6.1 Definição de ação afirmativa

A expressão ação afirmativa (affirmative actions) apareceu pela primeira vez nos Estados Unidos, através da Executive Order (Decreto Executivo) 10.925, de março de 1961, dois meses após o Presidente John F. Kennedy ter assumido a presidência.288 Com a medida, objetivava-se o combate à discriminação em cargos públicos e em empresas fornecedoras do governo, porém, acabou por tornar-se uma definição de amplo alcance e, desde a década de 1960, tem recebido os mais diversos conceitos.

Assim, a ação afirmativa recebe diferentes denominações: discriminação positiva, medidas compensatórias, medidas afirmativas, medidas reparatórias, ação positiva, equal oportunity policies. No entanto, todas essas designações têm a mesma essência, o mesmo sentido, embora conceitos diferentes.

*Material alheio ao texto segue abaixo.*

(* Let $2 \leq d \leq n$ and let $C > 0$. Suppose that for every choice of families $\mathcal{T}_1, \dots, \mathcal{T}_d$ of $1$-tubes in $\mathbb{R}^n$ and every finitely supported nonnegative function $M : \mathcal{Q} \to \mathbb{R}$ with $\sum_{Q \in \mathcal{Q}} M(Q)^n = 1$, there exist nonnegative functions $S_j : \mathcal{Q} \times \mathcal{T}_j \to \mathbb{R}$ ($1 \le j \le d$) such that (i) for all $Q \in \mathcal{Q}$ and all $T_1 \in \mathcal{T}_1, \dots, T_d \in \mathcal{T}_d$ with $T_j \cap Q \neq \emptyset$ for every $j$, $$e(T_1) \wedge \cdots \wedge e(T_d)\, M(Q)^n \leq C\, S_1(Q,T_1)\cdots S_d(Q,T_d);$$ (ii) for all $j$ and all $T_j \in \mathcal{T}_j$, $$\sum_{Q \in \mathcal{Q} :\, T_j \cap Q \neq \emptyset} S_j(Q,T_j) \leq C.$$ Then there is a constant $C_{d,n}$ (depending only on $C$, $d$, $n$) such that for all families $\mathcal{T}_1,\dots,\mathcal{T}_d$ of $1$-tubes in $\mathbb{R}^n$ and all nonnegative coefficients $a_{T_j}$, $$\int_{\mathbb{R}^n} \left(\sum_{T_1 \in \mathcal{T}_1} \cdots \sum_{T_d \in \mathcal{T}_d} a_{T_1}\chi_{T_1}(x) \cdots a_{T_d}\chi_{T_d}(x)\; e(T_1)\wedge \cdots \wedge e(T_d)\right)^{1/(d-1)} dx \leq C_{d,n}\left(\sum_{T_1 \in \mathcal{T}_1} a_{T_1} \cdots \sum_{T_d \in \mathcal{T}_d} a_{T_d}\right)^{1/(d-1)}.$$
   Context: $\mathcal{Q}$ denotes the lattice of unit cubes $\prod_{i=1}^n [m_i, m_i+1)$, $m_i \in \mathbb{Z}$, in $\mathbb{R}^n$. A $1$-tube $T$ is the $1$-neighbourhood of a doubly-infinite line in $\mathbb{R}^n$, with direction $e(T) \in \mathbb{S}^{n-1}$ parallel to the line; $\chi_T$ is its indicator function. For $v_1,\dots,v_d \in \mathbb{R}^n$, $v_1 \wedge \cdots \wedge v_d$ is the unsigned $d$-dimensional volume of the parallelepiped they span. *)

theory Defs
  imports "HOL-Analysis.Analysis"
begin

text \<open>A 1-tube is represented by a pair (p, v): a base point p and a unit direction v.
  Its point set is the (open) 1-neighbourhood of the line p + t v; its direction is v.\<close>
type_synonym 'n tube = "(real^'n) \<times> (real^'n)"

definition is_tube :: "('n::finite) tube \<Rightarrow> bool" where
  "is_tube T \<longleftrightarrow> norm (snd T) = 1"

definition tube_set :: "('n::finite) tube \<Rightarrow> (real^'n) set" where
  "tube_set T = {x. \<exists>t::real. dist x (fst T + t *\<^sub>R snd T) < 1}"

definition tube_dir :: "('n::finite) tube \<Rightarrow> real^'n" where
  "tube_dir T = snd T"

definition cube :: "int^('n::finite) \<Rightarrow> (real^'n) set" where
  "cube m = {x. \<forall>i. of_int (m $ i) \<le> x $ i \<and> x $ i < of_int (m $ i) + 1}"

text \<open>Unsigned d-dimensional volume of the parallelepiped spanned by v 0, ..., v (d-1):
  square root of the Gram determinant (determinant written out via Leibniz).\<close>
definition gram_det :: "(nat \<Rightarrow> 'a::real_inner) \<Rightarrow> nat \<Rightarrow> real" where
  "gram_det v d = (\<Sum>p | p permutes {..<d}. of_int (sign p) * (\<Prod>i<d. v i \<bullet> v (p i)))"

definition wedge :: "(nat \<Rightarrow> 'a::real_inner) \<Rightarrow> nat \<Rightarrow> real" where
  "wedge v d = sqrt (gram_det v d)"

end

theory Submission
  imports Defs "Jordan_Normal_Form.Determinant"
begin

text \<open>Let G(Q) be the sum of a(T_1) ... a(T_d) e(T_1) /\ ... /\ e(T_d) over the d-tuples of tubes
  that all meet the cube Q. The integrand is at most G(Q) on Q, so with p = 1/(d-1) it suffices
  to bound s = sum_Q G(Q)^p. Choosing M(Q)^n = G(Q)^p / s in the hypothesis, (i) gives
  G(Q)^(dp) = s M(Q)^n G(Q) <= C s prod_j g_j(Q), where g_j(Q) is the sum of a(T) S_j(Q,T) over the
  tubes T of the j-th family meeting Q, and (ii) gives sum_Q g_j(Q) <= C sum_T a(T).
  Hoelder's inequality with d equal exponents then yields s <= (C s)^(1/d) prod_j (C sum_T a(T))^(1/d),
  that is s^(d-1) <= C^(d+1) prod_j sum_T a(T).\<close>

lemma inner_gram_schmidt_step_eq_0:
  fixes v :: "'a::real_inner" and w :: "nat \<Rightarrow> 'a"
  assumes orth: "\<forall>i<m. \<forall>j<m. i \<noteq> j \<longrightarrow> inner (w i) (w j) = 0" and j: "j < m"
  shows "inner (v - (\<Sum>k<m. (inner v (w k) / inner (w k) (w k)) *\<^sub>R w k)) (w j) = 0"
proof -
  have "(\<Sum>k<m. (inner v (w k) / inner (w k) (w k)) * inner (w k) (w j))
      = (\<Sum>k<m. if k = j then (inner v (w j) / inner (w j) (w j)) * inner (w j) (w j) else 0)"
    using orth j by (intro sum.cong) auto
  also have "\<dots> = (inner v (w j) / inner (w j) (w j)) * inner (w j) (w j)"
    using j by simp
  also have "\<dots> = inner v (w j)"
    by (cases "w j = 0") auto
  finally show ?thesis
    by (simp add: inner_diff_left inner_sum_left)
qed

text \<open>Gram-Schmidt without normalisation: the vectors w k may vanish when the v i are dependent.\<close>

lemma exists_orthogonal_expansion:
  fixes v :: "nat \<Rightarrow> 'a::real_inner"
  shows "\<exists>w U. (\<forall>i<m. \<forall>j<m. i \<noteq> j \<longrightarrow> inner (w i) (w j) = 0) \<and>
     (\<forall>i<m. v i = (\<Sum>k<m. U k i *\<^sub>R w k))"
proof (induction m)
  case 0
  then show ?case by simp
next
  case (Suc m)
  then obtain w U where orth: "\<forall>i<m. \<forall>j<m. i \<noteq> j \<longrightarrow> inner (w i) (w j) = 0"
    and rep: "\<forall>i<m. v i = (\<Sum>k<m. U k i *\<^sub>R w k)" by blast
  define c where "c k = inner (v m) (w k) / inner (w k) (w k)" for k
  define w' where "w' = w(m := v m - (\<Sum>k<m. c k *\<^sub>R w k))"
  define U' where "U' k i = (if i < m then (if k < m then U k i else 0)
      else (if k = m then 1 else c k))" for k i
  have new_orth: "inner (w' m) (w' j) = 0" if "j < m" for j
    using inner_gram_schmidt_step_eq_0[OF orth that, of "v m"] that
    by (simp add: w'_def c_def)
  have "\<forall>i<Suc m. \<forall>j<Suc m. i \<noteq> j \<longrightarrow> inner (w' i) (w' j) = 0"
    using orth new_orth by (auto simp: less_Suc_eq inner_commute) (simp_all add: w'_def)
  moreover have "v i = (\<Sum>k<Suc m. U' k i *\<^sub>R w' k)" if "i < Suc m" for i
  proof (cases "i = m")
    case True
    then show ?thesis by (simp add: U'_def w'_def)
  next
    case False
    with that rep show ?thesis by (simp add: U'_def w'_def)
  qed
  ultimately show ?case by blast
qed

lemma inner_orthogonal_expansion:
  fixes v :: "nat \<Rightarrow> 'a::real_inner"
  assumes orth: "\<forall>i<m. \<forall>j<m. i \<noteq> j \<longrightarrow> inner (w i) (w j) = 0"
    and rep: "\<forall>i<m. v i = (\<Sum>k<m. U k i *\<^sub>R w k)"
    and i: "i < m" and j: "j < m"
  shows "inner (v i) (v j) = (\<Sum>k<m. (U k i * norm (w k)) * (U k j * norm (w k)))"
proof -
  have "inner (v i) (v j) = (\<Sum>k<m. \<Sum>l<m. U k i * U l j * inner (w k) (w l))"
    using rep i j by (simp add: inner_sum_left inner_sum_right sum_distrib_left mult.assoc)
      (subst sum.swap, simp add: inner_commute mult_ac)
  also have "\<dots> = (\<Sum>k<m. U k i * U k j * inner (w k) (w k))"
  proof (rule sum.cong[OF refl])
    fix k assume k: "k \<in> {..<m}"
    have "(\<Sum>l<m. U k i * U l j * inner (w k) (w l)) = (\<Sum>l<m. if l = k then U k i * U k j * inner (w k) (w k) else 0)"
      using k orth by (intro sum.cong) auto
    thus "(\<Sum>l<m. U k i * U l j * inner (w k) (w l)) = U k i * U k j * inner (w k) (w k)"
      using k by simp
  qed
  also have "\<dots> = (\<Sum>k<m. (U k i * norm (w k)) * (U k j * norm (w k)))"
    by (simp add: power2_norm_eq_inner[symmetric] power2_eq_square mult_ac)
  finally show ?thesis .
qed

lemma gram_det_nonneg:
  fixes v :: "nat \<Rightarrow> 'a::real_inner"
  shows "gram_det v d \<ge> 0"
proof -
  obtain w U where orth: "\<forall>i<d. \<forall>j<d. i \<noteq> j \<longrightarrow> inner (w i) (w j) = 0"
    and rep: "\<forall>i<d. v i = (\<Sum>k<d. U k i *\<^sub>R w k)" using exists_orthogonal_expansion by blast
  define B :: "real mat" where "B = mat d d (\<lambda>(k,i). U k i * norm (w k))"
  define G :: "real mat" where "G = mat d d (\<lambda>(i,j). inner (v i) (v j))"
  have B: "B \<in> carrier_mat d d" by (simp add: B_def)
  have "gram_det v d = Determinant.det G"
    unfolding gram_det_def
    by (subst det_def'[of _ d])
      (auto simp: G_def lessThan_atLeast0 intro!: sum.cong prod.cong dest: permutes_in_image)
  also have "G = transpose_mat B * B"
  proof (rule eq_matI)
    fix i j assume "i < dim_row (transpose_mat B * B)" "j < dim_col (transpose_mat B * B)"
    hence ij: "i < d" "j < d" by (auto simp: B_def)
    have "(transpose_mat B * B) $$ (i, j) = (\<Sum>k<d. (U k i * norm (w k)) * (U k j * norm (w k)))"
      using ij by (simp add: B_def scalar_prod_def lessThan_atLeast0)
    also have "\<dots> = inner (v i) (v j)" using inner_orthogonal_expansion[OF orth rep ij] by simp
    finally show "G $$ (i, j) = (transpose_mat B * B) $$ (i, j)" using ij by (simp add: G_def)
  qed (auto simp: G_def B_def)
  also have "Determinant.det (transpose_mat B * B) = Determinant.det B * Determinant.det B"
    using B by (simp add: det_mult[of _ d] det_transpose)
  finally show ?thesis by simp
qed

lemma wedge_nonneg: "wedge v d \<ge> 0"
  by (simp add: wedge_def gram_det_nonneg)

lemma powr_inverse_power: "0 \<le> (x::real) \<Longrightarrow> 0 < n \<Longrightarrow> (x powr (1 / real n)) ^ n = x"
  by (cases "x = 0") (simp_all add: powr_realpow[symmetric] powr_powr)

lemma geometric_mean_le_scaled_arithmetic_mean:
  fixes x B :: "nat \<Rightarrow> real"
  assumes "0 < d" and x: "\<forall>j<d. 0 \<le> x j" and B: "\<forall>j<d. 0 < B j"
  shows "(\<Prod>j<d. x j powr (1 / d)) \<le> (\<Prod>j<d. B j powr (1 / d)) * (\<Sum>j<d. x j / B j / d)"
proof -
  have "(\<Prod>j<d. x j powr (1 / d)) = (\<Prod>j<d. B j powr (1 / d) * (x j / B j) powr (1 / d))"
    using x B by (intro prod.cong refl) (auto simp: powr_divide)
  also have "\<dots> = (\<Prod>j<d. B j powr (1 / d)) * (\<Prod>j<d. x j / B j) powr (1 / d)"
    by (simp add: prod.distrib prod_powr_distrib)
  also have "(\<Prod>j<d. x j / B j) powr (1 / d) \<le> (\<Sum>j<d. x j / B j / d)"
    using arith_geom_mean[of "{..<d}" "\<lambda>j. x j / B j"] \<open>0 < d\<close> x B
    by (simp add: lessThan_empty_iff less_imp_le)
  finally show ?thesis
    by (simp add: mult_left_mono prod_nonneg)
qed

lemma holder_sum_prod_powr:
  fixes g :: "nat \<Rightarrow> 'q \<Rightarrow> real" and B :: "nat \<Rightarrow> real"
  assumes "finite F" and "0 < d" and g: "\<forall>j<d. \<forall>Q\<in>F. 0 \<le> g j Q"
    and sum_g: "\<forall>j<d. (\<Sum>Q\<in>F. g j Q) \<le> B j"
  shows "(\<Sum>Q\<in>F. \<Prod>j<d. g j Q powr (1 / d)) \<le> (\<Prod>j<d. B j powr (1 / d))"
proof (cases "\<exists>j<d. B j = 0")
  case True
  then obtain j0 where "j0 < d" "B j0 = 0"
    by blast
  with g sum_g \<open>finite F\<close> have "\<forall>Q\<in>F. g j0 Q = 0"
    by (metis order_antisym sum_nonneg sum_nonneg_eq_0_iff)
  with \<open>j0 < d\<close> have "(\<Sum>Q\<in>F. \<Prod>j<d. g j Q powr (1 / d)) = 0"
    by (intro sum.neutral ballI) (auto intro!: prod_zero bexI[of _ j0])
  then show ?thesis
    by (simp add: prod_nonneg)
next
  case False
  have B: "\<forall>j<d. 0 < B j"
    using g sum_g False by (metis order.not_eq_order_implies_strict order_trans sum_nonneg)
  have "(\<Sum>Q\<in>F. \<Prod>j<d. g j Q powr (1 / d))
      \<le> (\<Sum>Q\<in>F. (\<Prod>j<d. B j powr (1 / d)) * (\<Sum>j<d. g j Q / B j / d))"
    using geometric_mean_le_scaled_arithmetic_mean[OF \<open>0 < d\<close> _ B] g by (intro sum_mono) auto
  also have "\<dots> = (\<Prod>j<d. B j powr (1 / d)) * (\<Sum>j<d. (\<Sum>Q\<in>F. g j Q) / B j / d)"
    by (simp add: sum_distrib_left[symmetric] sum_divide_distrib sum.swap[of _ _ F])
  also have "\<dots> \<le> (\<Prod>j<d. B j powr (1 / d)) * (\<Sum>j<d. 1 / d)"
    using sum_g B by (intro mult_left_mono divide_right_mono sum_mono) (auto simp: prod_nonneg)
  also have "\<dots> = (\<Prod>j<d. B j powr (1 / d))"
    using \<open>0 < d\<close> by simp
  finally show ?thesis .
qed

lemma le_powr_of_le_powr_self:
  fixes s c :: real
  assumes "0 < s" and "0 \<le> c" and "2 \<le> d" and le: "s \<le> (c * s) powr (1 / real d)"
  shows "s \<le> c powr (1 / (real d - 1))"
proof -
  have "s ^ d \<le> ((c * s) powr (1 / real d)) ^ d"
    using le \<open>0 < s\<close> by (intro power_mono) auto
  also have "\<dots> = c * s"
    using assms by (intro powr_inverse_power) auto
  finally have "s ^ (d - 1) * s \<le> c * s"
    using \<open>2 \<le> d\<close> by (metis Suc_diff_1 less_le_trans pos2 power_Suc2)
  hence "s ^ (d - 1) \<le> c"
    using \<open>0 < s\<close> by simp
  have "s = (s ^ (d - 1)) powr (1 / (real d - 1))"
    using assms by (simp add: powr_realpow[symmetric] powr_powr of_nat_diff)
  also have "\<dots> \<le> c powr (1 / (real d - 1))"
    using \<open>s ^ (d - 1) \<le> c\<close> \<open>0 < s\<close> assms by (intro powr_mono2) auto
  finally show ?thesis .
qed

lemma powr_power_mult:
  fixes C P r :: real
  assumes "0 < C" and "0 \<le> P"
  shows "(C ^ k * P) powr r = C powr (real k * r) * P powr r"
  using assms by (simp add: powr_mult powr_realpow[symmetric] powr_powr)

No Brasil, o conceito com maior aceitabilidade é oriundo do estudo aprofundado realizado pelo Ministro do Supremo Tribunal Federal, Joaquim Barbosa Gomes.289 Essa definição tornou-se referência em diversos estudos e ensaios acadêmicos sobre o assunto. De acordo com o Ministro Joaquim Barbosa Gomes, as ações afirmativas podem ser entendidas como:

[...] um conjunto de políticas públicas e privadas de caráter compulsório, facultativo ou voluntário, concebidas com vistas ao combate à discriminação racial, de gênero e de origem nacional, bem como para corrigir os efeitos presentes da discriminação praticada no passado, tendo por objetivo a concretização do ideal da efetiva igualdade de acesso a bens fundamentais como a educação e o emprego.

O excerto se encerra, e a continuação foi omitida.